Advanced Encoding Scenarios

URL encoding contexts require special attention because URLs can appear in various places within HTML, each with different security implications. When encoding for URL parameters, spaces become %20, special characters get percent-encoded, and the encoding must preserve the URL structure. However, when URLs appear in JavaScript strings or HTML attributes, they need additional context-appropriate encoding on top of URL encoding. The complexity multiplies when dealing with data: URLs or javascript: pseudo-protocols that browsers execute as code.

CSS contexts, though less common, present unique encoding challenges. When user data appears within CSS, whether in style attributes or style blocks, it requires CSS-specific encoding. This includes encoding parentheses, quotes, and backslashes that could break out of CSS contexts.

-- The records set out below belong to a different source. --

lemma frequently_light_at_dyadic_scales:
  fixes \<mu> :: "(real^'m::finite) measure"
  assumes "finite_measure \<mu>" "sets \<mu> = sets borel"
    and light: "\<And>\<delta>. \<delta> > 0 \<Longrightarrow> \<exists>r>0. r < \<delta> \<and> measure \<mu> (cube x r) < r powr g"
  shows "\<exists>k\<ge>n. measure \<mu> (cube x ((1/2)^(k+1))) < 2 powr \<bar>g\<bar> * ((1/2)^k) powr g"
proof -
  interpret finite_measure \<mu> by (rule assms(1))
  obtain r where r: "r > 0" "r < (1/2)^n" "measure \<mu> (cube x r) < r powr g"
    using light[of "(1/2)^n"] by auto
  obtain k where k: "k \<ge> n" "(1/2)^(k+1) < r" "r \<le> (1/2)^k"
    using exists_dyadic_scale[OF r(1,2)] by blast
  have "measure \<mu> (cube x ((1/2)^(k+1))) \<le> measure \<mu> (cube x r)"
    using k(2) assms(2) by (intro finite_measure_mono cube_mono) auto
  also have "\<dots> < r powr g" by (rule r(3))
  also have "\<dots> \<le> 2 powr \<bar>g\<bar> * ((1/2)^k) powr g" by (rule powr_le_dyadic[OF k(2,3)])
  finally show ?thesis using k(1) by blast
qed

More critically, older browsers supported JavaScript execution within CSS through expressions and other mechanisms, making CSS contexts particularly dangerous in applications supporting legacy browsers.

Modern template engines handle most encoding automatically, but developers must understand when manual encoding is necessary. Edge cases like dynamically generating JavaScript, constructing URLs from multiple sources, or building HTML strings in JavaScript often require manual encoding. Create utility functions for these scenarios that handle encoding consistently. Test these functions thoroughly with known XSS payloads to ensure they provide adequate protection.